▶
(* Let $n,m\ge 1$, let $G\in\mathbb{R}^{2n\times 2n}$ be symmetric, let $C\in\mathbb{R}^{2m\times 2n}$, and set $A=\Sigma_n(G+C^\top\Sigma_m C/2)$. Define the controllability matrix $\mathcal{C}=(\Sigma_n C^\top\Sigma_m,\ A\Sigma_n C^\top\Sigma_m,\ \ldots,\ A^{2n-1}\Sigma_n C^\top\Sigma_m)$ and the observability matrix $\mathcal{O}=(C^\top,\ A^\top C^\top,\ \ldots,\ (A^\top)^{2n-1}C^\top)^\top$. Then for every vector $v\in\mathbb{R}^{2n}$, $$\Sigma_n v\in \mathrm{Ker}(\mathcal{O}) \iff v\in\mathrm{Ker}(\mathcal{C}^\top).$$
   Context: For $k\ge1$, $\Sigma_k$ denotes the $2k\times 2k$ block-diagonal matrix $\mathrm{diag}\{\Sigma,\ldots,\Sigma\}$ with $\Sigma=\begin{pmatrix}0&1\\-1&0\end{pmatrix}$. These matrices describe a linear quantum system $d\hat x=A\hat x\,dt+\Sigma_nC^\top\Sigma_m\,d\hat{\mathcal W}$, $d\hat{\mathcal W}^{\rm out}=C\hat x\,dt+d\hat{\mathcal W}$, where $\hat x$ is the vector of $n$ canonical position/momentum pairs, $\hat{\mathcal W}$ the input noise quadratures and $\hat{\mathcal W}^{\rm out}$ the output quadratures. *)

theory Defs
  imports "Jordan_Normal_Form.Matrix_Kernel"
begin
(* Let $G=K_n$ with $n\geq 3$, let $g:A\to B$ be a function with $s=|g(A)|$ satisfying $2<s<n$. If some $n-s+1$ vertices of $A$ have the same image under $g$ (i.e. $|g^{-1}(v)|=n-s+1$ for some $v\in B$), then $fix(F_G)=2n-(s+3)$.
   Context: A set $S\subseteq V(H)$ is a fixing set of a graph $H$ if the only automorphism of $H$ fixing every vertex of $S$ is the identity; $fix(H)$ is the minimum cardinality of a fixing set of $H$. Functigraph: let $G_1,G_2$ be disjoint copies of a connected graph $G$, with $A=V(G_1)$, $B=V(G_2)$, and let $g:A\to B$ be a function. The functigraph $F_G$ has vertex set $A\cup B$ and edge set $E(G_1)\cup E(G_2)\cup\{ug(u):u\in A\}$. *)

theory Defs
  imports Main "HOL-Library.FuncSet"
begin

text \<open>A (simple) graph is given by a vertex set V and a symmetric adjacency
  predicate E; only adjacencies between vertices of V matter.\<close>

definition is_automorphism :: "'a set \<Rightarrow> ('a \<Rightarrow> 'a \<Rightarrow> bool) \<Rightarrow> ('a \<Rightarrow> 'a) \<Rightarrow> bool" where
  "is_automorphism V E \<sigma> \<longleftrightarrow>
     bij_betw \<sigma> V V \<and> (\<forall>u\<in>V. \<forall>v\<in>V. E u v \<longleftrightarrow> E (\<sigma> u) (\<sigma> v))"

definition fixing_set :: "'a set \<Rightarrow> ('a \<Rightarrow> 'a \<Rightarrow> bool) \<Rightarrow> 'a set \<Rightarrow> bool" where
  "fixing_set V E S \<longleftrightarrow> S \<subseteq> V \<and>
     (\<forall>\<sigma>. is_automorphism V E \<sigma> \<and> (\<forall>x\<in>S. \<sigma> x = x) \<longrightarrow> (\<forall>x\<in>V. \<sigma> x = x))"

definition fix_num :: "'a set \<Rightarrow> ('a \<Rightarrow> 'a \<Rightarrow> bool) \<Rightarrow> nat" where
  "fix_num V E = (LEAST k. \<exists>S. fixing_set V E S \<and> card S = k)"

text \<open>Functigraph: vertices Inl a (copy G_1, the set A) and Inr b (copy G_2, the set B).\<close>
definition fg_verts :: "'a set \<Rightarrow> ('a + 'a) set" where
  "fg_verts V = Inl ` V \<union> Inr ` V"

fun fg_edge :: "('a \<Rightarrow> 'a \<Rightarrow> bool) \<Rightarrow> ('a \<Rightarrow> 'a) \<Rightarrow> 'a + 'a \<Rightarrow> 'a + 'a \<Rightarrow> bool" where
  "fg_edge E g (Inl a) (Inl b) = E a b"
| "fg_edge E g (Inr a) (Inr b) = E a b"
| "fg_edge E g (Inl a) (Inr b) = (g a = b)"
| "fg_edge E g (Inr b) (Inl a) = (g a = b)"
◀
▶
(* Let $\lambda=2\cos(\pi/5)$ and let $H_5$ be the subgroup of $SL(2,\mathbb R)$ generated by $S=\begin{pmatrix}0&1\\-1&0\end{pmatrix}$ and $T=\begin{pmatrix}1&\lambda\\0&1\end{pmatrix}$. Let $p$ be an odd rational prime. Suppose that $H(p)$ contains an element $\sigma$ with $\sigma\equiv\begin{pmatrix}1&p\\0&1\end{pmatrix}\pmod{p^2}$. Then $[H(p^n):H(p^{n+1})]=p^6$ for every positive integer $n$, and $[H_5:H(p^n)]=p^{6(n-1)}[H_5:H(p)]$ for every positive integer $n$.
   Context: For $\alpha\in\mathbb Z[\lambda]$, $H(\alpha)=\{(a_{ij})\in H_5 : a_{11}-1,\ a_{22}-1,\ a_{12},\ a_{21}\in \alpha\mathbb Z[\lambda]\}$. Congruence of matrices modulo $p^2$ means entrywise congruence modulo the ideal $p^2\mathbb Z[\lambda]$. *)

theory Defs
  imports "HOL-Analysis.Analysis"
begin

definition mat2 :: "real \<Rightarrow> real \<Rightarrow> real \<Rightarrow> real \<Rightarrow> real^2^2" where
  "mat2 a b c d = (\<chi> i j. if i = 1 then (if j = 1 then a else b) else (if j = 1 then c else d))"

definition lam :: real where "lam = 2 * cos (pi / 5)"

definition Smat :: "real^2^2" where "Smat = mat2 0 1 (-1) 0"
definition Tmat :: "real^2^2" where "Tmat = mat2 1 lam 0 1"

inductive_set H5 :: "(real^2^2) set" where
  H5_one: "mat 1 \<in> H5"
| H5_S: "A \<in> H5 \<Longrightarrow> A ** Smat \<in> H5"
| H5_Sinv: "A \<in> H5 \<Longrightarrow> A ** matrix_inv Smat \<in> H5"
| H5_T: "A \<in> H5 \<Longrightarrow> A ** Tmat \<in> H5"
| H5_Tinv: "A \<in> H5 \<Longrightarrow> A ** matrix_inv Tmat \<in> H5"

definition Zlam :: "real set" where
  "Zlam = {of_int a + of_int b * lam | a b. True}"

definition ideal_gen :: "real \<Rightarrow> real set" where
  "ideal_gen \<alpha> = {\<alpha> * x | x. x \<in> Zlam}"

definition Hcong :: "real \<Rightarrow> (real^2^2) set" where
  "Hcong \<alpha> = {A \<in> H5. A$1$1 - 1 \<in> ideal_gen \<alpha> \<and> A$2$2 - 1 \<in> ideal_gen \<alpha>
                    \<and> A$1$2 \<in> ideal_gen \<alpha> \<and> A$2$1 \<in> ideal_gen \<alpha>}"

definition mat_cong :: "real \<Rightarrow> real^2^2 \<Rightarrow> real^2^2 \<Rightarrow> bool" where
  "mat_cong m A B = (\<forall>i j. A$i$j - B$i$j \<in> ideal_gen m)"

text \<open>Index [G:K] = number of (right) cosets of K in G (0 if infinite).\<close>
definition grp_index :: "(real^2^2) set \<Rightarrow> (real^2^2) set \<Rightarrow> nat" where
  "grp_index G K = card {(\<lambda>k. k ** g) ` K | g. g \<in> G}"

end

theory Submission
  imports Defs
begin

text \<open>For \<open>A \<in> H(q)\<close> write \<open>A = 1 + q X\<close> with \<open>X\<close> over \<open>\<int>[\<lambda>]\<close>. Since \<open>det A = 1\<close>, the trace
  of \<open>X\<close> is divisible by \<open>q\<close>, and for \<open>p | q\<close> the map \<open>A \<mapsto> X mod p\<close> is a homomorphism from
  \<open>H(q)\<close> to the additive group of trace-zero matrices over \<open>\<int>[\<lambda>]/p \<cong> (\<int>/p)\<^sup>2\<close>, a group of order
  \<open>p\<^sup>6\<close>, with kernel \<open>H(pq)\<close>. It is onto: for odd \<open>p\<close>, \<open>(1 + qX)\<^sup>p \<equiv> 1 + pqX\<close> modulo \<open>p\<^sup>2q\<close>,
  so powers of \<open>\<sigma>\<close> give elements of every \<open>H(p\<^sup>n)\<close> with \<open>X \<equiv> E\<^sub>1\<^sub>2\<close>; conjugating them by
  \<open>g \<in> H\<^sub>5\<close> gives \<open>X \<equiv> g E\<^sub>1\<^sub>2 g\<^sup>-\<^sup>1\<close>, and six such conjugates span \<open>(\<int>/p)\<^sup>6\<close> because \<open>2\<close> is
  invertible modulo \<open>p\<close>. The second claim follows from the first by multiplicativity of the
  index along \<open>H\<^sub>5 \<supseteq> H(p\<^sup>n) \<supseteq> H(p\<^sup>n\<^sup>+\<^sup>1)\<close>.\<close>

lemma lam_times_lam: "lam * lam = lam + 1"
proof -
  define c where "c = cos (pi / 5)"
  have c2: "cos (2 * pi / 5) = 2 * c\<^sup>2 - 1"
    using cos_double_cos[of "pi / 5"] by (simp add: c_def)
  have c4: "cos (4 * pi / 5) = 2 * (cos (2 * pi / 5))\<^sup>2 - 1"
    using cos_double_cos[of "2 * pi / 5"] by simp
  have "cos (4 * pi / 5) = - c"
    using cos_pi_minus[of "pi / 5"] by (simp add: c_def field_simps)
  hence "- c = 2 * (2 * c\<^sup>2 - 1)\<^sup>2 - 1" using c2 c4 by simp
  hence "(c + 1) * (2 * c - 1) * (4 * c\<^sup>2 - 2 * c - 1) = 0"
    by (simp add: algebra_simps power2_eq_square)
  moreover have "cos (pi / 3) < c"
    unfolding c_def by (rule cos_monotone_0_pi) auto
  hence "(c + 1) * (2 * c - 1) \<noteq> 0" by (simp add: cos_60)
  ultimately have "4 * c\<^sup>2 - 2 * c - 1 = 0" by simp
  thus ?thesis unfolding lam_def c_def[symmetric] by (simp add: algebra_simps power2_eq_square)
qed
◀
▶
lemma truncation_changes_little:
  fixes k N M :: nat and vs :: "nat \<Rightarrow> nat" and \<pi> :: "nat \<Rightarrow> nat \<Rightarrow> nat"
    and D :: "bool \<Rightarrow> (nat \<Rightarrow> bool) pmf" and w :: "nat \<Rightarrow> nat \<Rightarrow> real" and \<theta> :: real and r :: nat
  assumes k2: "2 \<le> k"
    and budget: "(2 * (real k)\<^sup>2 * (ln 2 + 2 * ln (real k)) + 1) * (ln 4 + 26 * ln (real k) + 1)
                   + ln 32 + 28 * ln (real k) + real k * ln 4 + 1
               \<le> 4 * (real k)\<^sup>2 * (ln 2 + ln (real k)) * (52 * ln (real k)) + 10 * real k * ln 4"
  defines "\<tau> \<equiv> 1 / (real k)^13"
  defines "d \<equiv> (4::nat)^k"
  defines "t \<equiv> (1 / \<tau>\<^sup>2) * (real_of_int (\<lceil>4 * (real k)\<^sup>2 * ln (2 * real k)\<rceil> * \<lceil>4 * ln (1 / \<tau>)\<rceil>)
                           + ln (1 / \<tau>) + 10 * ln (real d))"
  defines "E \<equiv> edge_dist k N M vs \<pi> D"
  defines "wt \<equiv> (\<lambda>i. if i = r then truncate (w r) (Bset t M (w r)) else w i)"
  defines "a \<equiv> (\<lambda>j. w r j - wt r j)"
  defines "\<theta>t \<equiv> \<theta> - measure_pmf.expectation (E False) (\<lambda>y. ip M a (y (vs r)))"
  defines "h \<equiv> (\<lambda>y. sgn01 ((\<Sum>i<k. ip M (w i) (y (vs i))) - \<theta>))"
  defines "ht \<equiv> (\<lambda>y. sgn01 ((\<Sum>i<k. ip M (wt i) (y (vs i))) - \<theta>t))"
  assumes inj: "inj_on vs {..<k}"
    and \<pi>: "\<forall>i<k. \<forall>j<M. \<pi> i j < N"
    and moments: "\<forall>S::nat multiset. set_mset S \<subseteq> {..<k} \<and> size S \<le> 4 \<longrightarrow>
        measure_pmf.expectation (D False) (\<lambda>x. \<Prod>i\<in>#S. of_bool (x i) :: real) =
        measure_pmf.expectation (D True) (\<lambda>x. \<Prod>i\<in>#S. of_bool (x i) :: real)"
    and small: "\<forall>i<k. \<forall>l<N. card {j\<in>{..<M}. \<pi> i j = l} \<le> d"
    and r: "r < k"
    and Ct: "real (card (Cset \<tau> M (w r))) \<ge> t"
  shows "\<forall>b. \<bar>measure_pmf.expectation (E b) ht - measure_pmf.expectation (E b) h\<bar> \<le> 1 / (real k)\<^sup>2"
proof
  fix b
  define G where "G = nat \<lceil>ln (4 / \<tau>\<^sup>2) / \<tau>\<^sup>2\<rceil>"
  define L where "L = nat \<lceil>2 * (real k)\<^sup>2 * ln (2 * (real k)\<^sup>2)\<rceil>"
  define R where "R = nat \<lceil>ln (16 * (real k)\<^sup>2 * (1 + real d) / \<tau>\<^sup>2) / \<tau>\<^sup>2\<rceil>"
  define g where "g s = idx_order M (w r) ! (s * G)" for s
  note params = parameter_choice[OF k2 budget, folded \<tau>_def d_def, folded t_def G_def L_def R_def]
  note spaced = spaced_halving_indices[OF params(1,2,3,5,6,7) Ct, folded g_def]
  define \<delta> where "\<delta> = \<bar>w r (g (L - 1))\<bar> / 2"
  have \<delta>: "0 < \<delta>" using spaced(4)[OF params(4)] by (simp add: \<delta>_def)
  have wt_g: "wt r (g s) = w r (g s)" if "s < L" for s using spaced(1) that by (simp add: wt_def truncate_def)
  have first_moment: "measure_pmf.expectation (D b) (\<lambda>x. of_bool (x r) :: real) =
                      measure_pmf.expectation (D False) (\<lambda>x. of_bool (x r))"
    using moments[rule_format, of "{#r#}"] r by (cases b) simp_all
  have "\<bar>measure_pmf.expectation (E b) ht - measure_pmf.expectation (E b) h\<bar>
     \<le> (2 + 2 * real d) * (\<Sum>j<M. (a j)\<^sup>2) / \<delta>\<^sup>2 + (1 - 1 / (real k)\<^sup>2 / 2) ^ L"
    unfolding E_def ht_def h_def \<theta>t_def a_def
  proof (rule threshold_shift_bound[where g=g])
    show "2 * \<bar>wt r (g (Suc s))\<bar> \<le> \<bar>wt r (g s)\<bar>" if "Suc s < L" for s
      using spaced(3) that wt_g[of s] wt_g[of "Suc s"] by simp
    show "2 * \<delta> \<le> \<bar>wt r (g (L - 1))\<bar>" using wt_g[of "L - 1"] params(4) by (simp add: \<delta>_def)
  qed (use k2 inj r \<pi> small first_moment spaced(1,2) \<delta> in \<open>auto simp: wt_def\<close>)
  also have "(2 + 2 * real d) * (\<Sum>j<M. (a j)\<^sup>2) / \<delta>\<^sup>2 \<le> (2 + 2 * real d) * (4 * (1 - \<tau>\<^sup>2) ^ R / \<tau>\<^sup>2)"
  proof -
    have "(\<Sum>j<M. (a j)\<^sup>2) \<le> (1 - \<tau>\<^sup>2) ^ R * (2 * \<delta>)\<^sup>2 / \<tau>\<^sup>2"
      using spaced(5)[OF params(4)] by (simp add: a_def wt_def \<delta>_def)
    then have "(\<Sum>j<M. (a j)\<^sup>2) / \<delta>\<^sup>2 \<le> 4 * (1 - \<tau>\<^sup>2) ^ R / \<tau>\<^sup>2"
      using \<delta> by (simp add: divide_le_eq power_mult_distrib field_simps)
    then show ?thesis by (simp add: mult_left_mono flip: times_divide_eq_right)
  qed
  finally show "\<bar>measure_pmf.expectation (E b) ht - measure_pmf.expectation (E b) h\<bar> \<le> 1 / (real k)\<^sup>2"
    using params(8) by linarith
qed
◀
**INSTRUCTIONS TO FOLLOW:**
Above are the records; copy exactly the lines from the line with "define L where" through the line with "define \<delta> where", both included.

**ANSWER TO THE PROBLEM:**
  define L where "L = nat \<lceil>2 * (real k)\<^sup>2 * ln (2 * (real k)\<^sup>2)\<rceil>"
  define R where "R = nat \<lceil>ln (16 * (real k)\<^sup>2 * (1 + real d) / \<tau>\<^sup>2) / \<tau>\<^sup>2\<rceil>"
  define g where "g s = idx_order M (w r) ! (s * G)" for s
  note params = parameter_choice[OF k2 budget, folded \<tau>_def d_def, folded t_def G_def L_def R_def]
  note spaced = spaced_halving_indices[OF params(1,2,3,5,6,7) Ct, folded g_def]
  define \<delta> where "\<delta> = \<bar>w r (g (L - 1))\<bar> / 2"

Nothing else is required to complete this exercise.